Editor’s Note: JB+A is pleased to feature our friend and colleague William McMorran, Senior Partner and Planned Giving Consultant with Green Oak Consulting Group, which provides tailored planned giving solutions for nonprofit organizations, individuals and retirement communities. Bill believes donors, and the charities that they believe in, deserve a committed and trusted partner to create and support meaningful planned gifts. For more than two decades, Bill has provided fund development, endowment, planned giving and management services, including investment and administrative support, to charitable organizations. He is widely published expert and a featured speaker in planned giving and tax and health policy. Bill believes a donor’s goals and objectives are the most important part of the planned giving process. We’re happy to share some sage advice from Bill about end-of-year planned giving and tax strategies.
JB+A Guest Contributor
As we head into the final month of the calendar year, fundraisers know it’s not just a time to focus on holiday celebrations and gift lists: it’s a great time to look at recent revisions to the tax law and make sure donors are aware of what’s taking place, so they can make educated decisions.
Lower Tax Rates – Consider Your Withholding/Estimated Tax. The new tax law reduced the tax rates in each income tax bracket. This could be good or bad depending on your current bracket. You may actually find yourself in a higher bracket this year. The new law also increased the standard deduction, it may make a difference in whether you itemize or not.
It’s important to look at your withholding or your final quarterly payment now. With the changes and the uncertain withholding patterns this year, make sure that you are still on target to pay your potential liability. The IRS already is worried that taxpayers will under withhold and has issued an alert on this.
Some Itemized Deductions Eliminated – Be Careful. The new tax law eliminated many itemized deductions. The itemized deductions that remain available are:
- State and local sales, income and property taxes are now capped, up to $10,000 for married taxpayers filing jointly, and up to $5,000 for single filers
- Medical and dental expenses—if they are more than 7.5% of your adjusted gross income
- Home mortgages, lower ceilings for new buyers
- Charitable gifts
IRA Charitable Transfers Unchanged – A Great Strategy. If you are over 70.5 and have an IRA, you can avoid paying taxes on your required minimum distribution (RMD) by having your IRA Custodian transfer that amount (it can also be higher or lower) to the charity(ies) of your choice, using a Qualified Charitable Distribution (QCD). This not only saves you from paying taxes on your RMD but lowers your overall income, potentially saving you even more tax dollars.
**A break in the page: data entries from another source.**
(* Let $\Omega=\{\omega_1,\dots,\omega_N\}$ be a finite set with probabilities $p_i\in(0,1]$, $\sum_{i=1}^N p_i=1$. Let $C\in\mathbb{R}^{d\times n}$, $A\in\mathbb{R}^{k\times n}$, $b\in\mathbb{R}^k$, and for each $i$ let $Q_i\in\mathbb{R}^{d\times m}$, $T_i\in\mathbb{R}^{\ell\times n}$, $W_i\in\mathbb{R}^{\ell\times m}$, $u^i\in\mathbb{R}^\ell$. Let $\mathcal{P}^{RP}:=\{Cx+\sum_{i=1}^Np_iQ_iy^i \mid Ax=b,\ T_ix+W_iy^i=u^i\ (i=1,\dots,N),\ x\ge0,\ y^1,\dots,y^N\ge0\}+\mathbb{R}^d_+$ be the upper image of the recourse problem, and with $\bar Q:=\sum_ip_iQ_i$, $\bar T:=\sum_ip_iT_i$, $\bar W:=\sum_ip_iW_i$, $\bar u:=\sum_ip_iu^i$ let $\mathcal{P}^{EV}:=\{Cx+\bar Qy\mid Ax=b,\ \bar Tx+\bar Wy=\bar u,\ x\ge0,\ y\ge0\}+\mathbb{R}^d_+$ be the upper image of the expected value problem. If $Q_1=\dots=Q_N$ and $W_1=\dots=W_N$, then $\mathcal{P}^{EV}\supseteq\mathcal{P}^{RP}$.
   Context: Here $x\in\mathbb{R}^n$, $y,y^i\in\mathbb{R}^m$, inequalities on vectors are componentwise, and $+\mathbb{R}^d_+$ denotes Minkowski addition of the nonnegative orthant. *)

theory Defs
  imports "HOL-Analysis.Analysis"
begin

text \<open>Scenarios are indexed by a finite type 'i (the set Omega); dimensions d,n,k,l,m are
 the index types 'd,'n,'k,'l,'m. Matrices in R^(r x c) are values of type real^'c^'r.\<close>

definition upper_image_RP ::
  "real^'n^'d \<Rightarrow> real^'n^'k \<Rightarrow> real^'k \<Rightarrow> ('i::finite \<Rightarrow> real) \<Rightarrow>
   ('i \<Rightarrow> real^'m^'d) \<Rightarrow> ('i \<Rightarrow> real^'n^'l) \<Rightarrow> ('i \<Rightarrow> real^'m^'l) \<Rightarrow> ('i \<Rightarrow> real^'l)
   \<Rightarrow> (real^'d) set" where
  "upper_image_RP C A b p Q T W u =
     {z + r | z r.
        (\<exists>x y. z = C *v x + (\<Sum>i\<in>UNIV. p i *\<^sub>R (Q i *v y i))
               \<and> A *v x = b
               \<and> (\<forall>i. T i *v x + W i *v y i = u i)
               \<and> (\<forall>j. 0 \<le> x $ j) \<and> (\<forall>i j. 0 \<le> y i $ j))
        \<and> (\<forall>j. 0 \<le> r $ j)}"

definition upper_image_EV ::
  "real^'n^'d \<Rightarrow> real^'n^'k \<Rightarrow> real^'k \<Rightarrow> ('i::finite \<Rightarrow> real) \<Rightarrow>
   ('i \<Rightarrow> real^'m^'d) \<Rightarrow> ('i \<Rightarrow> real^'n^'l) \<Rightarrow> ('i \<Rightarrow> real^'m^'l) \<Rightarrow> ('i \<Rightarrow> real^'l)
   \<Rightarrow> (real^'d) set" where
  "upper_image_EV C A b p Q T W u =
     (let Qb = (\<Sum>i\<in>UNIV. p i *\<^sub>R Q i); Tb = (\<Sum>i\<in>UNIV. p i *\<^sub>R T i);
          Wb = (\<Sum>i\<in>UNIV. p i *\<^sub>R W i); ub = (\<Sum>i\<in>UNIV. p i *\<^sub>R u i) in
     {z + r | z r.
        (\<exists>x y. z = C *v x + Qb *v y
               \<and> A *v x = b
               \<and> Tb *v x + Wb *v y = ub
               \<and> (\<forall>j. 0 \<le> x $ j) \<and> (\<forall>j. 0 \<le> y $ j))
        \<and> (\<forall>j. 0 \<le> r $ j)})"

end

theory Submission
  imports Defs
begin

text \<open>When the recourse matrices Q and W do not depend on the scenario, averaging a
 scenario-wise feasible recourse y_1, ..., y_N with the weights p_i gives the nonnegative
 vector sum_i p_i y_i, which satisfies the averaged constraint by linearity and attains the
 same objective value C x + Q (sum_i p_i y_i).\<close>

lemma sum_scaleR_matrix_vector_mult:
  fixes M :: "'i \<Rightarrow> real^'n^'l"
  assumes "finite S"
  shows "(\<Sum>i\<in>S. c i *\<^sub>R M i) *v x = (\<Sum>i\<in>S. c i *\<^sub>R (M i *v x))"
  using assms
  by (induction S rule: finite_induct)
     (auto simp: matrix_vector_mult_add_rdistrib scaleR_matrix_vector_assoc)

lemma matrix_vector_mult_sum_scaleR:
  fixes M :: "real^'m^'l"
  shows "M *v (\<Sum>i\<in>S. c i *\<^sub>R y i) = (\<Sum>i\<in>S. c i *\<^sub>R (M *v y i))"
  by (simp add: linear_sum[OF matrix_vector_mul_linear] matrix_scaleR_vector_ac
      scaleR_matrix_vector_assoc)

lemma sum_scaleR_const:
  fixes M :: "'a::real_vector"
  assumes "(\<Sum>i\<in>S. p i) = 1"
  shows "(\<Sum>i\<in>S. p i *\<^sub>R M) = M"
  by (simp add: assms flip: scaleR_sum_left)

lemma sum_scaleR_component_nonneg:
  fixes y :: "'i \<Rightarrow> real^'m"
  assumes "\<forall>i. 0 \<le> p i" and "\<forall>i j. 0 \<le> y i $ j"
  shows "0 \<le> (\<Sum>i\<in>S. p i *\<^sub>R y i) $ j"
  using assms by (simp add: sum_nonneg)

lemma averaged_recourse_constraint:
  fixes T :: "'i::finite \<Rightarrow> real^'n^'l" and W :: "real^'m^'l"
  assumes "(\<Sum>i\<in>UNIV. p i) = 1" and "\<forall>i. T i *v x + W *v y i = u i"
  shows "(\<Sum>i\<in>UNIV. p i *\<^sub>R T i) *v x + (\<Sum>i\<in>UNIV. p i *\<^sub>R W) *v (\<Sum>i\<in>UNIV. p i *\<^sub>R y i)
       = (\<Sum>i\<in>UNIV. p i *\<^sub>R u i)"
proof -
  have "(\<Sum>i\<in>UNIV. p i *\<^sub>R T i) *v x + (\<Sum>i\<in>UNIV. p i *\<^sub>R W) *v (\<Sum>i\<in>UNIV. p i *\<^sub>R y i)
      = (\<Sum>i\<in>UNIV. p i *\<^sub>R (T i *v x + W *v y i))"
    by (simp add: assms(1) sum_scaleR_const sum_scaleR_matrix_vector_mult
        matrix_vector_mult_sum_scaleR scaleR_add_right sum.distrib)
  with assms(2) show ?thesis
    by simp
qed

lemma upper_image_RP_subset_EV_fixed_recourse:
  fixes C :: "real^'n^'d" and A :: "real^'n^'k" and b :: "real^'k"
    and p :: "'i::finite \<Rightarrow> real" and Q :: "real^'m^'d" and W :: "real^'m^'l"
  assumes "\<forall>i. 0 \<le> p i" and "(\<Sum>i\<in>UNIV. p i) = 1"
  shows "upper_image_RP C A b p (\<lambda>_. Q) T (\<lambda>_. W) u
           \<subseteq> upper_image_EV C A b p (\<lambda>_. Q) T (\<lambda>_. W) u"
proof
  fix v
  assume "v \<in> upper_image_RP C A b p (\<lambda>_. Q) T (\<lambda>_. W) u"
  then obtain x y r where v: "v = (C *v x + (\<Sum>i\<in>UNIV. p i *\<^sub>R (Q *v y i))) + r"
    and "A *v x = b" and feasible: "\<forall>i. T i *v x + W *v y i = u i"
    and "\<forall>j. 0 \<le> x $ j" and y_nonneg: "\<forall>i j. 0 \<le> y i $ j" and "\<forall>j. 0 \<le> r $ j"
    unfolding upper_image_RP_def by blast
  define y_avg where "y_avg = (\<Sum>i\<in>UNIV. p i *\<^sub>R y i)"
  have "v = (C *v x + (\<Sum>i\<in>UNIV. p i *\<^sub>R Q) *v y_avg) + r"
    by (simp add: v y_avg_def assms(2) sum_scaleR_const matrix_vector_mult_sum_scaleR)
  moreover have "(\<Sum>i\<in>UNIV. p i *\<^sub>R T i) *v x + (\<Sum>i\<in>UNIV. p i *\<^sub>R W) *v y_avg
      = (\<Sum>i\<in>UNIV. p i *\<^sub>R u i)"
    unfolding y_avg_def using assms(2) feasible by (rule averaged_recourse_constraint)
  moreover have "\<forall>j. 0 \<le> y_avg $ j"
    unfolding y_avg_def using assms(1) y_nonneg by (blast intro: sum_scaleR_component_nonneg)
  ultimately show "v \<in> upper_image_EV C A b p (\<lambda>_. Q) T (\<lambda>_. W) u"
    unfolding upper_image_EV_def Let_def using \<open>A *v x = b\<close> \<open>\<forall>j. 0 \<le> x $ j\<close> \<open>\<forall>j. 0 \<le> r $ j\<close>
    by blast
qed

theorem proposition6p1:
  fixes C :: "real^'n^'d" and A :: "real^'n^'k" and b :: "real^'k"
    and p :: "'i::finite \<Rightarrow> real"
    and Q :: "'i \<Rightarrow> real^'m^'d" and T :: "'i \<Rightarrow> real^'n^'l"
    and W :: "'i \<Rightarrow> real^'m^'l" and u :: "'i \<Rightarrow> real^'l"
  assumes "\<forall>i. 0 < p i \<and> p i \<le> 1"
    and "(\<Sum>i\<in>UNIV. p i) = 1"
    and "\<forall>i j. Q i = Q j"
    and "\<forall>i j. W i = W j"
  shows "upper_image_RP C A b p Q T W u \<subseteq> upper_image_EV C A b p Q T W u"
proof -
  have "Q = (\<lambda>_. Q undefined)" and "W = (\<lambda>_. W undefined)"
    using assms(3,4) by auto
  moreover have "\<forall>i. 0 \<le> p i"
    using assms(1) by (simp add: less_imp_le)
  ultimately show ?thesis
    using upper_image_RP_subset_EV_fixed_recourse assms(2) by metis
qed

end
Look for Savings – Harvest Gains and Losses. Take a look at your investment portfolio, are there gains or losses you can realize? Ideally, you can reduce your tax exposure by taking advantage of any investment losses this year, losses that could offset gains.
Summary: There’s a lot going on for your 2018 income tax return. Look at your withholding/quarterly payments, talk to your advisors and plan while you still can make a difference!